Overall: This film is a shadow of its predecessor and that film was barely moderately good.

I Love You, Man

First Hit: There are some funny bits in this film along with some good serious truthful moments; however it felt long, repetitious, and overdone in parts.

Paul Rudd plays Peter Klaven a moderately successful real estate agent who has a dream of building a group of homes and stores on a bluff near downtown LA.

To finance this venture he must sell Lou Ferrigno’s home for which he has the exclusive listing. He is engaged to Zooey (played by Rashida Jones) who feels like she has hit the jackpot with Paul as her boyfriend.

As a boyfriend, Peter is thoughtful, kind, considerate, and pays attention to her. All her girlfriends think she’s so lucky but there is an underlying concern; Peter doesn't have any guy friends. The fact is that Peter doesn’t is the gist of the film. He and his fiancé decide that he needs to find some guy friends before the wedding or else the wedding party will be uneven.

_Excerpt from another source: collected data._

(* Let $M=(Q_M,\Sigma,\delta_M,s_M,F_M)$ be a complete DFA with $m\ge 2$ states and $N=(Q_N,\Sigma,\delta_N,s_N,F_N)$ a complete DFA with $n\ge 1$ states over the same alphabet, and suppose $k:=|F_M\setminus\{s_M\}|\ge 1$. Then there exists a complete DFA with at most $(2^{m-1}+2^{m-k-1})\cdot n-n+1$ states that accepts $L(M)^*\cup L(N)$.
   Context: A DFA is a 5-tuple $(Q,\Sigma,\delta,s,F)$ with finite state set $Q$, finite alphabet $\Sigma$, transition function $\delta:Q\times\Sigma\to Q$ (total, i.e. the DFA is complete), initial state $s$ and final states $F\subseteq Q$; $L(M)$ is the language it accepts. For a language $L$, $L^*$ denotes its Kleene star. *)

theory Defs
  imports Main
begin

record ('q, 'a) dfa =
  states :: "'q set"
  delta  :: "'q \<Rightarrow> 'a \<Rightarrow> 'q"
  start  :: 'q
  finals :: "'q set"

definition complete_dfa :: "'a set \<Rightarrow> ('q, 'a) dfa \<Rightarrow> bool" where
  "complete_dfa Alph M \<longleftrightarrow>
     finite Alph \<and> finite (states M) \<and> start M \<in> states M \<and> finals M \<subseteq> states M \<and>
     (\<forall>q \<in> states M. \<forall>a \<in> Alph. delta M q a \<in> states M)"

definition delta_hat :: "('q, 'a) dfa \<Rightarrow> 'q \<Rightarrow> 'a list \<Rightarrow> 'q" where
  "delta_hat M q w = foldl (delta M) q w"

definition lang :: "'a set \<Rightarrow> ('q, 'a) dfa \<Rightarrow> 'a list set" where
  "lang Alph M = {w. set w \<subseteq> Alph \<and> delta_hat M (start M) w \<in> finals M}"

definition kstar :: "'a list set \<Rightarrow> 'a list set" where
  "kstar L = {concat ws | ws. set ws \<subseteq> L}"

end

theory Submission
  imports Defs
begin

(* A word w lies in L(M)^* iff w is empty or w = u v with u in L(M)^* and
   v a nonempty word of L(M).  So while reading w it suffices to remember the set
   X(w) of states of M reached from s_M by the suffixes v of w whose prefix u lies in
   L(M)^*.  These sets obey a deterministic recurrence ("star step"): apply the letter to
   every state and add s_M whenever a final state is hit.  Every set arising after a
   nonempty word is nonempty and contains s_M as soon as it contains a final state;
   there are at most 2^(m-1) + 2^(m-k-1) - 1 such "star-closed" sets.  Running this
   subset automaton in parallel with N, with one extra initial state for the empty
   word, gives a DFA for L(M)^* \<union> L(N) with at most (2^(m-1) + 2^(m-k-1) - 1) n + 1
   states. *)

lemma delta_hat_Nil [simp]: "delta_hat M q [] = q"
  by (simp add: delta_hat_def)

lemma delta_hat_snoc [simp]: "delta_hat M q (v @ [a]) = delta M (delta_hat M q v) a"
  by (simp add: delta_hat_def)

lemma delta_hat_Cons [simp]: "delta_hat M q (a # v) = delta_hat M (delta M q a) v"
  by (simp add: delta_hat_def)

lemma delta_hat_closed:
  "complete_dfa Alph D \<Longrightarrow> q \<in> states D \<Longrightarrow> set w \<subseteq> Alph \<Longrightarrow> delta_hat D q w \<in> states D"
  by (induction w arbitrary: q) (auto simp: complete_dfa_def)

lemma kstar_Nil: "[] \<in> kstar L"
  unfolding kstar_def by (rule CollectI, rule exI[of _ "[]"]) simp

lemma kstar_append: "u \<in> kstar L \<Longrightarrow> v \<in> L \<Longrightarrow> u @ v \<in> kstar L"
proof -
  assume "u \<in> kstar L" "v \<in> L"
  then obtain ws where "set ws \<subseteq> L" "u = concat ws" unfolding kstar_def by blast
  then have "set (ws @ [v]) \<subseteq> L" "u @ v = concat (ws @ [v])" using \<open>v \<in> L\<close> by auto
  then show ?thesis unfolding kstar_def by blast
qed

lemma kstar_alph: "w \<in> kstar (lang Alph M) \<Longrightarrow> set w \<subseteq> Alph"
proof -
  assume "w \<in> kstar (lang Alph M)"
  then obtain ws where ws: "set ws \<subseteq> lang Alph M" "w = concat ws" unfolding kstar_def by blast
  then have "\<forall>x \<in> set ws. set x \<subseteq> Alph" unfolding lang_def by blast
  then show ?thesis using ws(2) by auto
qed

(* A nonempty word of L^* ends with a nonempty factor from L; the factorisation
   induction drops empty factors from the end. *)
lemma kstar_last_factor:
  assumes "x \<in> kstar L" "x \<noteq> []"
  shows "\<exists>u v. x = u @ v \<and> u \<in> kstar L \<and> v \<in> L \<and> v \<noteq> []"
proof -
  obtain ws where ws: "set ws \<subseteq> L" "x = concat ws" using assms(1) unfolding kstar_def by blast
  have "concat ws \<noteq> [] \<Longrightarrow> set ws \<subseteq> L \<Longrightarrow>
        \<exists>u v. concat ws = u @ v \<and> u \<in> kstar L \<and> v \<in> L \<and> v \<noteq> []"
  proof (induction ws rule: rev_induct)
    case Nil then show ?case by simp
  next
    case (snoc z ws)
    show ?case
    proof (cases "z = []")
      case True
      then show ?thesis using snoc by auto
    next
      case False
      have "concat ws \<in> kstar L" using snoc.prems(2) unfolding kstar_def by auto
      then show ?thesis using False snoc.prems(2) by auto
    qed
  qed
  then show ?thesis using ws assms(2) by blast
qed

In his quest to find a guy friend, he has a number of man dates. There are funny bits in some of these encounters. Then during an open house he is having for Lou’s home, he runs into Sydney (played by Jason Segel) who is blunt, insightful, and outspoken. They hit it off because in many ways they are opposite and they both love the band Rush.

Through a series of man dates, their relationship expands and eventually he asks Sydney to be his best man. However, Zooey doesn’t like that Peter is less available and pays less attention to her now that he has a guy friend to hang out with.

I found the repetition of scenes, like Peter attempting to come up with a nick name for Sydney, to be tiring and overplayed. The direction of the unevenness and the upsides of this film the responsibility of Director John Hamburg and co-writer Larry Levin. Rudd was OK as Peter; while Segel was the strongest consistent character as Sydney. I found the couple Jon Favreau and Jaime Pressly as Zooey’s best friend and husband, to be overplayed, unrealistic, and boorish.

Overall: This film’s unevenness took away from the truly funny parts and in the end, this film felt very long. It might have been better to cut 20 minutes from it by reducing extraneous and repetitive scenes.